### TASK INPUTS ###
(* For every discrete group $G$ and every normalized 2-cocycle $\sigma$ on $G$, $M_0A(G,\sigma)=M_0A(G)$, and for $\varphi$ in this set the cb-norm $\|M_\varphi\|_{cb}$ computed on $C^*_r(G,\sigma)$ does not depend on $\sigma$. More precisely, for $\varphi:G\to\mathbb{C}$, one has $\varphi\in M_0A(G,\sigma)$ if and only if the kernel $K_\varphi(s,t)=\varphi(st^{-1})$ is a Schur multiplier on $B(\ell^2(G))$, and then $\|M_\varphi\|_{cb}=\|S_{K_\varphi}\|$.
   Context: $\sigma:G\times G\to\mathbb{T}$ is a normalized 2-cocycle ($\sigma(g,h)\sigma(gh,k)=\sigma(h,k)\sigma(g,hk)$, $\sigma(g,e)=\sigma(e,g)=1$); $\Lambda_\sigma(g)$ is the unitary on $\ell^2(G)$ with $(\Lambda_\sigma(g)\xi)(h)=\sigma(g,g^{-1}h)\xi(g^{-1}h)$; $C^*_r(G,\sigma)$ is the operator-norm closure of $\mathbb{C}(G,\sigma)=\mathrm{span}\,\Lambda_\sigma(G)$. For $\varphi:G\to\mathbb{C}$, $M_\varphi:\mathbb{C}(G,\sigma)\to\mathbb{C}(G,\sigma)$ is the linear map with $M_\varphi(\Lambda_\sigma(g))=\varphi(g)\Lambda_\sigma(g)$; $\varphi\in MA(G,\sigma)$ (a $\sigma$-multiplier) if $M_\varphi$ is bounded in operator norm, in which case $M_\varphi$ also denotes its extension to $C^*_r(G,\sigma)$. $M_0A(G,\sigma)$ is the set of $\varphi\in MA(G,\sigma)$ with $M_\varphi$ completely bounded, with norm $\|\varphi\|_{cb}=\|M_\varphi\|_{cb}$; $M_0A(G)=M_0A(G,1)$. A kernel $K:G\times G\to\mathbb{C}$ is a Schur multiplier if for every $A\in B(\ell^2(G))$ with matrix $[A(s,t)]$ in the canonical basis, $[K(s,t)A(s,t)]$ is the matrix of a bounded operator $S_K(A)$; $S_K$ is then a bounded map on $B(\ell^2(G))$. *)

theory Defs
  imports "HOL-Analysis.Analysis"
begin
(* Let $n\ge 2$ (integer), $\alpha>0$, $\beta>0$, $R>0$. Then \[ Z_n=\int_{\mathbb{C}^n}\exp\Big(-\beta\Big(\sum_{i<j}-\log|x_i-x_j|-\alpha\sum_{i=1}^n U_\rho(x_i)\Big)\Big)\,\mathrm{d}\ell_{\mathbb{C}}(x_1)\cdots\mathrm{d}\ell_{\mathbb{C}}(x_n)<\infty \quad\text{if and only if}\quad \alpha-n>\frac{2}{\beta}-1 . \] Moreover, the potential $V=-\frac{\alpha}{n}U_\rho$ is given explicitly by \[ V(x)=\frac{\alpha}{2n}\Big(\frac{|x|^2}{R^2}-1+2\log R\Big)\mathbf{1}_{|x|\le R}+\frac{\alpha}{n}\log|x|\,\mathbf{1}_{|x|>R}. \] In particular, when $\beta=2$ the condition reads $\alpha>n$, and when $\alpha=n$ it reads $\beta>2$.
   Context: $\ell_{\mathbb{C}}$ denotes Lebesgue measure on $\mathbb{C}=\mathbb{R}^2$. $\rho$ is the uniform probability measure on the closed disc $D_R=\{z\in\mathbb{C}:|z|\le R\}$, and $U_\rho(x)=-\int\log|x-y|\,\mathrm{d}\rho(y)$ is its logarithmic potential. The model is the planar Coulomb gas with $n$ particles, inverse temperature $\beta$ and external potential $V=-\frac{\alpha}{n}U_\rho$: its energy is $E_n(x_1,\dots,x_n)=\sum_{i<j}-\log|x_i-x_j|+n\sum_{i=1}^nV(x_i)$, its partition function is $Z_n=\int_{\mathbb{C}^n}e^{-\beta E_n}\,\mathrm{d}\ell_{\mathbb{C}}^{\otimes n}$, and when $Z_n<\infty$ its law is $P_n=Z_n^{-1}e^{-\beta E_n}\,\mathrm{d}\ell_{\mathbb{C}}^{\otimes n}$ on $\mathbb{C}^n$. *)

theory Defs
  imports "HOL-Analysis.Analysis"
begin

definition unif_disc :: "real \<Rightarrow> complex measure" where
  "unif_disc R = uniform_measure lborel (cball 0 R)"

definition log_pot :: "real \<Rightarrow> complex \<Rightarrow> real" where
  "log_pot R x = - (\<integral>y. ln (cmod (x - y)) \<partial>unif_disc R)"

definition ext_pot :: "nat \<Rightarrow> real \<Rightarrow> real \<Rightarrow> complex \<Rightarrow> real" where
  "ext_pot n \<alpha> R x = - (\<alpha> / real n) * log_pot R x"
###
TASK DESCRIPTION
For every line of the records that includes the string "real", add one to a tally; the answer is that tally alone.

YOUR SOLUTION
4